Look through the records that follow. Copy every line containing the word "conj".

"""

lemma scaled_add_mem_lp_comb:
  assumes "0 \<le> mu" "mu \<le> 1" "k \<in> K" "l \<in> L"
  shows "lp_weight p (1 - lam) (1 - mu) *\<^sub>R k + lp_weight p lam mu *\<^sub>R l \<in> lp_comb p lam K L"
  using assms unfolding lp_comb_def lp_weight_def Let_def by force

lemma lp_weights_add_le_1:
  assumes "p > 1" "0 < lam" "lam < 1" "0 < mu" "mu < 1"
  shows "lp_weight p (1 - lam) (1 - mu) + lp_weight p lam mu \<le> 1"
proof -
  define q where "q = p / (p - 1)"
  have conj: "1 / q + 1 / p = 1" "0 \<le> 1 / q" "0 \<le> 1 / p"
    using assms(1) by (auto simp: q_def field_simps)
  have "lp_weight p (1 - lam) (1 - mu) \<le> 1 / q * (1 - mu) + 1 / p * (1 - lam)"
    unfolding lp_weight_def q_def[symmetric]
    by (rule Youngs_inequality_0[OF conj(2,3,1)]) (use assms in auto)
  moreover have "lp_weight p lam mu \<le> 1 / q * mu + 1 / p * lam"
    unfolding lp_weight_def q_def[symmetric]
    by (rule Youngs_inequality_0[OF conj(2,3,1)]) (use assms in auto)
  moreover have "1 / q * (1 - mu) + 1 / p * (1 - lam) + (1 / q * mu + 1 / p * lam) = 1 / q + 1 / p"
    by (simp add: right_diff_distrib)
  ultimately show ?thesis using conj(1) by linarith
qed

text \<open>
  For the optimal choice \<open>mu = c A\<^sup>p / S\<close> Young's inequality is an equality, which is the identity
  below.
\<close>

lemma lp_weight_mult_optimal:
  assumes "p > 1" "c > 0" "A > 0" "S > 0" "mu = c * A powr p / S"
  shows "lp_weight p c mu * A = mu * S powr (1 / p)"
proof -
  have "A = (mu * S / c) powr (1 / p)"
    using assms by (simp add: powr_powr)
  then have "lp_weight p c mu * A
      = mu powr (1 / (p / (p - 1))) * c powr (1 / p) * (mu powr (1 / p) * S powr (1 / p) / c powr (1 / p))"
    using assms by (simp add: lp_weight_def powr_divide powr_mult)
  also have "\<dots> = mu powr (1 / (p / (p - 1)) + 1 / p) * S powr (1 / p)"
    using assms by (simp add: powr_add)
  also have "1 / (p / (p - 1)) + 1 / p = 1"
    using assms(1) by (simp add: field_simps)
  finally show ?thesis using assms by simp
qed

lemma power_add_le_two_power:
  fixes x y :: real
  assumes "0 \<le> x" "0 \<le> y"
  shows "(x + y) ^ Suc n \<le> 2 ^ n * (x ^ Suc n + y ^ Suc n)"
proof (induction n)
  case 0 then show ?case by simp
next
  case (Suc n)
  \<comment> \<open>Chebyshev's sum inequality for the similarly ordered pairs \<open>(x, y)\<close> and \<open>(x^{n+1}, y^{n+1})\<close>\<close>
  have "0 \<le> (x - y) * (x ^ Suc n - y ^ Suc n)"
    using assms power_mono[of x y "Suc n"] power_mono[of y x "Suc n"]
    by (cases "x \<le> y") (auto intro: mult_nonpos_nonpos)
  then have cheb: "(x + y) * (x ^ Suc n + y ^ Suc n) \<le> 2 * (x ^ Suc (Suc n) + y ^ Suc (Suc n))"
    by (simp add: algebra_simps)
  have "(x + y) ^ Suc (Suc n) \<le> (x + y) * (2 ^ n * (x ^ Suc n + y ^ Suc n))"
    using Suc assms by (simp add: mult_left_mono)
  also have "\<dots> \<le> 2 ^ n * (2 * (x ^ Suc (Suc n) + y ^ Suc (Suc n)))"
    using cheb by (simp add: mult.left_commute)
  also have "\<dots> = 2 ^ Suc n * (x ^ Suc (Suc n) + y ^ Suc (Suc n))"
    by simp
  finally show ?case .
qed

lemma two_power_le_fact: "(2::real) ^ n \<le> fact (Suc n)"
proof (induction n)
  case 0 then show ?case by simp
next
  case (Suc n)
  have "(2::real) ^ Suc n \<le> real (Suc (Suc n)) * fact (Suc n)"
    using Suc by (simp add: mult_mono)
  then show ?case by simp
qed

text \<open>
  With \<open>A = a\<^bsup>1/n\<^esup>\<close>, \<open>B = b\<^bsup>1/n\<^esup>\<close>, \<open>S = (1 - lam) A\<^sup>p + lam B\<^sup>p\<close> and \<open>mu = lam B\<^sup>p / S\<close>, the
  two terms on the right become \<open>S\<^bsup>n/p\<^esup> (1 - mu)\<^sup>n\<close> and \<open>S\<^bsup>n/p\<^esup> mu\<^sup>n\<close>.
\<close>

lemma lp_weight_choice:
  fixes a b lam p :: real and n :: nat
  assumes "a > 0" "b > 0" "0 < lam" "lam < 1" "p > 1" "n > 0"
  obtains mu where "0 < mu" "mu < 1"
    "((1 - lam) * a powr (p / n) + lam * b powr (p / n)) / fact n powr (p / n)
      \<le> (lp_weight p (1 - lam) (1 - mu) ^ n * a + lp_weight p lam mu ^ n * b) powr (p / n)"
proof -
  define A where "A = a powr (1 / n)"
  define B where "B = b powr (1 / n)"
  have AB: "A > 0" "B > 0" "A ^ n = a" "B ^ n = b"
    using assms by (auto simp: A_def B_def powr_powr simp flip: powr_realpow)
  define S where "S = (1 - lam) * A powr p + lam * B powr p"
  have S: "S > 0" "S = (1 - lam) * a powr (p / n) + lam * b powr (p / n)"
    using assms AB by (auto simp: S_def A_def B_def powr_powr intro: add_pos_pos)
  define mu where "mu = lam * B powr p / S"
  have mu: "0 < mu" "mu < 1" "1 - mu = (1 - lam) * A powr p / S"
    using assms AB S by (auto simp: mu_def S_def field_simps)
  have "lp_weight p (1 - lam) (1 - mu) * A = (1 - mu) * S powr (1 / p)"
    using assms AB S mu by (intro lp_weight_mult_optimal) auto
  then have "lp_weight p (1 - lam) (1 - mu) ^ n * a = (1 - mu) ^ n * (S powr (1 / p)) ^ n"
    unfolding AB(3)[symmetric] power_mult_distrib[symmetric] by simp
  moreover have "lp_weight p lam mu * B = mu * S powr (1 / p)"
    using assms AB S by (intro lp_weight_mult_optimal) (auto simp: mu_def)
  then have "lp_weight p lam mu ^ n * b = mu ^ n * (S powr (1 / p)) ^ n"
    unfolding AB(4)[symmetric] power_mult_distrib[symmetric] by simp
  moreover have "(S powr (1 / p)) ^ n = S powr (n / p)"
    using S by (simp add: powr_powr flip: powr_realpow)
  ultimately have sum: "lp_weight p (1 - lam) (1 - mu) ^ n * a + lp_weight p lam mu ^ n * b
      = S powr (n / p) * ((1 - mu) ^ n + mu ^ n)"
    by (simp add: algebra_simps)
  obtain m where m: "n = Suc m" using assms(6) gr0_implies_Suc by blast
  have "1 \<le> 2 ^ m * ((1 - mu) ^ n + mu ^ n)"
    using power_add_le_two_power[of "1 - mu" mu m] mu(1,2) m by simp
  also have "\<dots> \<le> fact n * ((1 - mu) ^ n + mu ^ n)"
    using two_power_le_fact[of m] m mu(1,2) by (intro mult_right_mono) auto
  finally have "S powr (n / p) / fact n \<le> lp_weight p (1 - lam) (1 - mu) ^ n * a + lp_weight p lam mu ^ n * b"
    unfolding sum using S by (simp add: divide_le_eq mult.commute mult_le_cancel_left1)
  then have "(S powr (n / p) / fact n) powr (p / n)
      \<le> (lp_weight p (1 - lam) (1 - mu) ^ n * a + lp_weight p lam mu ^ n * b) powr (p / n)"
    using assms by (intro powr_mono2) auto
  moreover have "(S powr (n / p) / fact n) powr (p / n) = S / fact n powr (p / n)"
    using S assms by (simp add: powr_divide powr_powr)
  ultimately show ?thesis using that mu S(2) by simp
qed

lemma epowr_lp_mean_le:
  fixes WK WL WM :: ennreal and n :: nat
  assumes "p > 1" "0 < lam" "lam < 1" "n > 0" "WK \<noteq> 0" "WL \<noteq> 0"
    and comb: "\<And>mu. 0 < mu \<Longrightarrow> mu < 1 \<Longrightarrow>
      ennreal (lp_weight p (1 - lam) (1 - mu) ^ n) * WK + ennreal (lp_weight p lam mu ^ n) * WL \<le> WM"
  shows "ennreal (1 / (fact n powr (p / n))) *
      (ennreal (1 - lam) * epowr WK (p / n) + ennreal lam * epowr WL (p / n)) \<le> epowr WM (p / n)"
proof (cases "WM = \<infinity>")
  case True
  then show ?thesis by (simp add: epowr_def)
next
  case False
  have "0 < lp_weight p (1 - lam) (1 / 2)" "0 < lp_weight p lam (1 / 2)"
    using assms(2,3) by (simp_all add: lp_weight_pos)
  then have "WK \<noteq> \<infinity> \<and> WL \<noteq> \<infinity>"
    using comb[of "1 / 2"] False by (auto simp: ennreal_mult_top top_unique)
  moreover define a b w where "a = enn2real WK" "b = enn2real WL" "w = enn2real WM"
  ultimately have fin: "WK = ennreal a" "WL = ennreal b" "WM = ennreal w"
    using False by (simp_all add: ennreal_enn2real_if)
  have ab: "a > 0" "b > 0" "w \<ge> 0"
    using fin assms(5,6) by (auto simp: a_b_w_def less_le)
  define r where "r = p / n"
  have r: "r > 0" using assms(1,4) by (simp add: r_def)
  obtain mu where mu: "0 < mu" "mu < 1"
    "((1 - lam) * a powr r + lam * b powr r) / fact n powr r
      \<le> (lp_weight p (1 - lam) (1 - mu) ^ n * a + lp_weight p lam mu ^ n * b) powr r"
    using lp_weight_choice[OF ab(1,2) assms(2,3,1,4)] unfolding r_def by blast
  define \<alpha> \<beta> where "\<alpha> = lp_weight p (1 - lam) (1 - mu) ^ n" "\<beta> = lp_weight p lam mu ^ n"
  have \<alpha>\<beta>: "\<alpha> \<ge> 0" "\<beta> \<ge> 0" using assms(2,3) mu(1,2) by (simp_all add: \<alpha>_\<beta>_def lp_weight_pos less_imp_le)
  have "ennreal (\<alpha> * a + \<beta> * b) = ennreal \<alpha> * WK + ennreal \<beta> * WL"
    using \<alpha>\<beta> ab fin by (simp add: ennreal_mult)
  also have "\<dots> \<le> ennreal w" using comb[OF mu(1,2)] fin by (simp add: \<alpha>_\<beta>_def)
  finally have "\<alpha> * a + \<beta> * b \<le> w" using ab(3) by simp
  then have le: "((1 - lam) * a powr r + lam * b powr r) / fact n powr r \<le> w powr r"
    using mu(3) \<alpha>\<beta> ab r unfolding \<alpha>_\<beta>_def[symmetric]
    by (meson order.trans powr_mono2 less_imp_le add_nonneg_nonneg mult_nonneg_nonneg)
  have "ennreal (1 / fact n powr r) * (ennreal (1 - lam) * ennreal (a powr r) + ennreal lam * ennreal (b powr r))
      = ennreal (1 / fact n powr r) * ennreal ((1 - lam) * a powr r + lam * b powr r)"
    using assms(2,3) by (simp add: ennreal_mult)
  also have "\<dots> = ennreal (1 / fact n powr r * ((1 - lam) * a powr r + lam * b powr r))"
    by (rule ennreal_mult[symmetric]) (use assms(2,3) in auto)
  also have "\<dots> \<le> ennreal (w powr r)" using le by (intro ennreal_leI) simp
  finally show ?thesis using fin ab by (simp add: epowr_def r_def[symmetric])
qed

"""

TASK SOLUTION
  have conj: "1 / q + 1 / p = 1" "0 \<le> 1 / q" "0 \<le> 1 / p"
    by (rule Youngs_inequality_0[OF conj(2,3,1)]) (use assms in auto)
    by (rule Youngs_inequality_0[OF conj(2,3,1)]) (use assms in auto)
  ultimately show ?thesis using conj(1) by linarith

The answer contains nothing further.